#### DATA SHOWN:
--- START ---
(* Let $k$, $d$ and $n$ be positive integers such that $k \ge 6$ is even, $d \ge 2$, and $n \ge\frac{d+1}{8}(k^2-2sk+4s-4) + 1$, where $s \in \{0,1\}$ with $s \equiv \frac{k-2}{2} \pmod 2$. Then, for any function $f:[n] \rightarrow \{-1,1\}$ such that $|f([n])| \le \frac{d-1}{d+1}n$, there exists a $(d,k)$-block $A\subseteq[n]$ with $f(A)=0$.
   Context: $[n]=\{1,\dots,n\}$; $f(Y)=\sum_{y\in Y}f(y)$. A $(d,k)$-block in $[n]$ is a set $\{a_1,\dots,a_k\}\subseteq[n]$ of integers with $a_1<a_2<\dots<a_k$ and $a_{i+1}-a_i\le d$ for all $1\le i\le k-1$. *)

theory Defs
  imports Complex_Main
begin

definition dk_block :: "nat \<Rightarrow> nat \<Rightarrow> nat set \<Rightarrow> bool" where
  "dk_block d k A \<longleftrightarrow>
     (\<exists>xs. sorted_wrt (<) xs \<and> length xs = k \<and> set xs = A \<and>
           (\<forall>i. i + 1 < k \<longrightarrow> xs ! (i + 1) - xs ! i \<le> d))"

end

theory Submission
  imports Defs
begin

text \<open>
  Call a set of integers gap-closed if every element other than the maximum has a larger element
  of the set within distance d; the gap-closed k-sets are exactly the (d,k)-blocks. Write k = 2m.
  Each value of f is taken on at least n/(d+1) points. If the points of one sign are listed in
  increasing order, then unless some m consecutive ones can be joined by at most m extra points
  into a gap-closed set, the gaps between them would be too long to fit into [1..n]; the bound on
  n is exactly what this counting needs. Padding such sets yields gap-closed k-sets B and B' with
  f(B) \<le> 0 \<le> f(B'). Moving the largest element of a gap-closed k-set to a free position
  adjacent to the remaining elements keeps it gap-closed and strictly decreases its element sum, so
  it eventually reaches {1..k}. Along the way f changes by at most 2 per move and stays even since
  k is even, so starting from whichever of B, B' has sign opposite to f({1..k}) we meet a block
  with f-sum 0.
\<close>

definition gap_closed :: "nat \<Rightarrow> nat set \<Rightarrow> bool" where
  "gap_closed d S \<longleftrightarrow> (\<forall>x\<in>S. (\<exists>y\<in>S. x < y) \<longrightarrow> (\<exists>y\<in>S. x < y \<and> y \<le> x + d))"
--- END ---
#### TASK TO CARRY OUT:
All of the data above should be output exactly.

#### RESPONSE TO THIS TASK:
(* Let $k$, $d$ and $n$ be positive integers such that $k \ge 6$ is even, $d \ge 2$, and $n \ge\frac{d+1}{8}(k^2-2sk+4s-4) + 1$, where $s \in \{0,1\}$ with $s \equiv \frac{k-2}{2} \pmod 2$. Then, for any function $f:[n] \rightarrow \{-1,1\}$ such that $|f([n])| \le \frac{d-1}{d+1}n$, there exists a $(d,k)$-block $A\subseteq[n]$ with $f(A)=0$.
   Context: $[n]=\{1,\dots,n\}$; $f(Y)=\sum_{y\in Y}f(y)$. A $(d,k)$-block in $[n]$ is a set $\{a_1,\dots,a_k\}\subseteq[n]$ of integers with $a_1<a_2<\dots<a_k$ and $a_{i+1}-a_i\le d$ for all $1\le i\le k-1$. *)

theory Defs
  imports Complex_Main
begin

definition dk_block :: "nat \<Rightarrow> nat \<Rightarrow> nat set \<Rightarrow> bool" where
  "dk_block d k A \<longleftrightarrow>
     (\<exists>xs. sorted_wrt (<) xs \<and> length xs = k \<and> set xs = A \<and>
           (\<forall>i. i + 1 < k \<longrightarrow> xs ! (i + 1) - xs ! i \<le> d))"

end

theory Submission
  imports Defs
begin

text \<open>
  Call a set of integers gap-closed if every element other than the maximum has a larger element
  of the set within distance d; the gap-closed k-sets are exactly the (d,k)-blocks. Write k = 2m.
  Each value of f is taken on at least n/(d+1) points. If the points of one sign are listed in
  increasing order, then unless some m consecutive ones can be joined by at most m extra points
  into a gap-closed set, the gaps between them would be too long to fit into [1..n]; the bound on
  n is exactly what this counting needs. Padding such sets yields gap-closed k-sets B and B' with
  f(B) \<le> 0 \<le> f(B'). Moving the largest element of a gap-closed k-set to a free position
  adjacent to the remaining elements keeps it gap-closed and strictly decreases its element sum, so
  it eventually reaches {1..k}. Along the way f changes by at most 2 per move and stays even since
  k is even, so starting from whichever of B, B' has sign opposite to f({1..k}) we meet a block
  with f-sum 0.
\<close>

definition gap_closed :: "nat \<Rightarrow> nat set \<Rightarrow> bool" where
  "gap_closed d S \<longleftrightarrow> (\<forall>x\<in>S. (\<exists>y\<in>S. x < y) \<longrightarrow> (\<exists>y\<in>S. x < y \<and> y \<le> x + d))"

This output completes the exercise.